§ Information
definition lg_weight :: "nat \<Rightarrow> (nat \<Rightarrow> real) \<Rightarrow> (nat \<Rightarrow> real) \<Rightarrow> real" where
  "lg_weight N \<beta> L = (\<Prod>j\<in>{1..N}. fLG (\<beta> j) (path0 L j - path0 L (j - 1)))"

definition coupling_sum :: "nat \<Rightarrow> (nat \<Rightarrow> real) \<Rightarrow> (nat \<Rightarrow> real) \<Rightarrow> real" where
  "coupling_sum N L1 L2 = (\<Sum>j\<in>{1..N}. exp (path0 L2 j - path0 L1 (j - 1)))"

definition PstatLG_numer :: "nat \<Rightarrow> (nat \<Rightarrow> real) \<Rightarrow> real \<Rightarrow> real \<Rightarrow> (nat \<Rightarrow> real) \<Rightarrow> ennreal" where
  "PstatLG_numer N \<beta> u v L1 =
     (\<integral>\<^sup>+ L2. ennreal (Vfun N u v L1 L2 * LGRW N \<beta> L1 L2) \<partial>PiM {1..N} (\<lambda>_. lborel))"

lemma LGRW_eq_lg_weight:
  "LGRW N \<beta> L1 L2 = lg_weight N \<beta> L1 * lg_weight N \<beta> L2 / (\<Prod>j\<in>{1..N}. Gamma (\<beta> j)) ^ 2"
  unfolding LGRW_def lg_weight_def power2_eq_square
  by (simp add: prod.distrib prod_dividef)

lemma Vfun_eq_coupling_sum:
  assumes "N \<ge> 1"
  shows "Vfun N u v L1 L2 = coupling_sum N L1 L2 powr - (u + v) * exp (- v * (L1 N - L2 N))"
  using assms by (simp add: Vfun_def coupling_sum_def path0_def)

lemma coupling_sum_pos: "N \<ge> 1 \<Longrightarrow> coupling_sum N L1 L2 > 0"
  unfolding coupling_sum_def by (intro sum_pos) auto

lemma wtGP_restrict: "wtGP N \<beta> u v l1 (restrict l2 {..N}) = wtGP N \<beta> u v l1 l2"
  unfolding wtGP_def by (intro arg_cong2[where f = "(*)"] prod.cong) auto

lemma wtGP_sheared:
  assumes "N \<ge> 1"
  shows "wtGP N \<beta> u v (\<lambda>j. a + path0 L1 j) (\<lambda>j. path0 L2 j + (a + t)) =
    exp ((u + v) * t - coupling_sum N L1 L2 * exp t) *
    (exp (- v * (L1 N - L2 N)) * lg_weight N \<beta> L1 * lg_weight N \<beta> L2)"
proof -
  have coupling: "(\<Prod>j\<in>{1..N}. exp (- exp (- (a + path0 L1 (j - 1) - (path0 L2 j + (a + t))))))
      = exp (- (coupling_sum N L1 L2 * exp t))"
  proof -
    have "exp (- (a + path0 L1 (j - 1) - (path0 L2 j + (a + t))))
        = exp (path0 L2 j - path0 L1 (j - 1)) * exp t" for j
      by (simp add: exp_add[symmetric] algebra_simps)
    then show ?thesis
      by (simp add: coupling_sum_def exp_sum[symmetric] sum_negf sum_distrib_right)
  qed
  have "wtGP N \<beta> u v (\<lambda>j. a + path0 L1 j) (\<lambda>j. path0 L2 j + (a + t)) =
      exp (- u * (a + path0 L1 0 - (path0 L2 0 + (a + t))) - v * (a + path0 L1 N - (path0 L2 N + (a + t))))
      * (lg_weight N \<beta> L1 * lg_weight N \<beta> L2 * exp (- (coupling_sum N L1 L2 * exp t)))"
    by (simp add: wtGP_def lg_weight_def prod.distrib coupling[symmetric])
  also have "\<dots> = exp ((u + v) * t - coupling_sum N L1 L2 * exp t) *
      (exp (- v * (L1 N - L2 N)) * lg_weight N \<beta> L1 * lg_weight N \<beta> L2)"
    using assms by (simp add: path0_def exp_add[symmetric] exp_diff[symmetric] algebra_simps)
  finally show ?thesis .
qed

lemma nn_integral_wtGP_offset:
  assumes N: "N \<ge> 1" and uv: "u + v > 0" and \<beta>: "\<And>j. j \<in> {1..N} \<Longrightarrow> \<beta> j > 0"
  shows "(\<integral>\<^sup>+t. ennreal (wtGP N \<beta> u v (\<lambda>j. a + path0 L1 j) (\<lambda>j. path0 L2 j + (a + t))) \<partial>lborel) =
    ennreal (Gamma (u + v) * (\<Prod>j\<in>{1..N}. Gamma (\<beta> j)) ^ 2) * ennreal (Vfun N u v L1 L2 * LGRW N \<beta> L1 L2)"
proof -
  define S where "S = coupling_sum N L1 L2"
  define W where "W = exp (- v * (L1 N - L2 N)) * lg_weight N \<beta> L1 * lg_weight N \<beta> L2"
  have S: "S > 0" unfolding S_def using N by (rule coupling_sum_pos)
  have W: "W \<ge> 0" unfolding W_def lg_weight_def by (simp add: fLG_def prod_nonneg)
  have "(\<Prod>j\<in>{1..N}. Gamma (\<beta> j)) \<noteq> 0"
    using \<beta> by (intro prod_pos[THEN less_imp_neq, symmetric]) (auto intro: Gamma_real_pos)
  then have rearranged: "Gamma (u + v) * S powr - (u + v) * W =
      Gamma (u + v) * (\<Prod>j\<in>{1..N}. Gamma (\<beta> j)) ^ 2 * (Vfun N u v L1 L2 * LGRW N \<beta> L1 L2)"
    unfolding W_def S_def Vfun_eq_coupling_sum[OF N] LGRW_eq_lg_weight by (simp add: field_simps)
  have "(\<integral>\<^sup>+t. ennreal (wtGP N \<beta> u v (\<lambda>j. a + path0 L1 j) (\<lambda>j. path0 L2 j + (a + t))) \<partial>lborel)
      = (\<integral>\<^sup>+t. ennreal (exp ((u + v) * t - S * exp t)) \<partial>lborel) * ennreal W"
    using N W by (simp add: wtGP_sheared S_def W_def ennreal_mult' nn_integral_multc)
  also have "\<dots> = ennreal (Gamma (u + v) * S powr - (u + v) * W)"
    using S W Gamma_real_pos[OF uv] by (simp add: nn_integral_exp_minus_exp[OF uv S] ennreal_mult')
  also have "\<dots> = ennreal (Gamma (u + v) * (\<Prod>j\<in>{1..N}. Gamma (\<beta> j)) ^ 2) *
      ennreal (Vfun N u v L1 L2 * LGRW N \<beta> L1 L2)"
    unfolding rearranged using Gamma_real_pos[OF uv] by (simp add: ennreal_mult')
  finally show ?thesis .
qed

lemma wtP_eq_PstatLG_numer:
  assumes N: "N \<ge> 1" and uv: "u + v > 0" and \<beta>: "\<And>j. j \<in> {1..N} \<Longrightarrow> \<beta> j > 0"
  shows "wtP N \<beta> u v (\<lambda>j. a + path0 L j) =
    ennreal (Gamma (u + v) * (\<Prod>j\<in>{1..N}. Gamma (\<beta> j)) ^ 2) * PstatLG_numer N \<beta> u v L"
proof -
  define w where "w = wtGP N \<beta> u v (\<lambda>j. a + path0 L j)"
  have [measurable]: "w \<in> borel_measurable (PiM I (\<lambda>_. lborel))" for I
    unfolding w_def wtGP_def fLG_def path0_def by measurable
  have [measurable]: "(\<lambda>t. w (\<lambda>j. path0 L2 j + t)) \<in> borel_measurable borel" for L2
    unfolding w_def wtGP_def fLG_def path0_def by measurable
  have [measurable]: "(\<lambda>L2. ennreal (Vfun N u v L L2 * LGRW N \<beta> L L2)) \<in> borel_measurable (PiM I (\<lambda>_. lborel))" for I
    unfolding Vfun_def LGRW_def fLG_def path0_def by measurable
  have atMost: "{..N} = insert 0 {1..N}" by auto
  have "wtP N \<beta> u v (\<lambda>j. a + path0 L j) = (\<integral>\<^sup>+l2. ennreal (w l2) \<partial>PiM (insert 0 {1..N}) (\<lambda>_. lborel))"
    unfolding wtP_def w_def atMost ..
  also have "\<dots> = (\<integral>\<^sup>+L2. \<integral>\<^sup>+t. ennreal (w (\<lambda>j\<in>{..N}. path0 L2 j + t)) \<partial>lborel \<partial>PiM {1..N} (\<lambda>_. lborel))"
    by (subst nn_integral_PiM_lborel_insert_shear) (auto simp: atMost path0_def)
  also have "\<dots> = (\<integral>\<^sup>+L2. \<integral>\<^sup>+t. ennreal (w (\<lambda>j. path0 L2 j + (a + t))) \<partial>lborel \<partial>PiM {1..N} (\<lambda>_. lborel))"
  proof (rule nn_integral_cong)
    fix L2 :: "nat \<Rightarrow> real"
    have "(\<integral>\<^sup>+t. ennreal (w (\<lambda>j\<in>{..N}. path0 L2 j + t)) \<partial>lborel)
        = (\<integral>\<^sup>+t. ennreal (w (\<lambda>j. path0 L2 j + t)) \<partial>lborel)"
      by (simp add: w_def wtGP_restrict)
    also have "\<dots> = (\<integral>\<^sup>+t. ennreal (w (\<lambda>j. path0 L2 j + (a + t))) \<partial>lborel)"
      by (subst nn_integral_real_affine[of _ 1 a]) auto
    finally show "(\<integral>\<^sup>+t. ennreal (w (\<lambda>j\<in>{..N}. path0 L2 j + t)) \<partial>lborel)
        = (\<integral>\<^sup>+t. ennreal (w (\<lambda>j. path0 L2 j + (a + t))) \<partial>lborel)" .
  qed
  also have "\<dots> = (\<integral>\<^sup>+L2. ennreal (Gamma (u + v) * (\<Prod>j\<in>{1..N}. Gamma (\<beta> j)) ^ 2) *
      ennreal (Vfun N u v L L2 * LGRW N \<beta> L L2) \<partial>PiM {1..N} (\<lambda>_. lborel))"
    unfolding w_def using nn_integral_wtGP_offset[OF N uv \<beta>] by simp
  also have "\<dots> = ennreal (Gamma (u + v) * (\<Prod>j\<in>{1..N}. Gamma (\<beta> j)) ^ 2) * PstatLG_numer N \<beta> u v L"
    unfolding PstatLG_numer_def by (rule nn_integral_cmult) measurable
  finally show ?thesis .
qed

§ What you will do
After locating the line with "L2 = lg_weight" in the material above, return it and each line after it exactly, ending at the line with "unfolding coupling_sum_def by".

§ Response below
  "LGRW N \<beta> L1 L2 = lg_weight N \<beta> L1 * lg_weight N \<beta> L2 / (\<Prod>j\<in>{1..N}. Gamma (\<beta> j)) ^ 2"
  unfolding LGRW_def lg_weight_def power2_eq_square
  by (simp add: prod.distrib prod_dividef)

lemma Vfun_eq_coupling_sum:
  assumes "N \<ge> 1"
  shows "Vfun N u v L1 L2 = coupling_sum N L1 L2 powr - (u + v) * exp (- v * (L1 N - L2 N))"
  using assms by (simp add: Vfun_def coupling_sum_def path0_def)

lemma coupling_sum_pos: "N \<ge> 1 \<Longrightarrow> coupling_sum N L1 L2 > 0"
  unfolding coupling_sum_def by (intro sum_pos) auto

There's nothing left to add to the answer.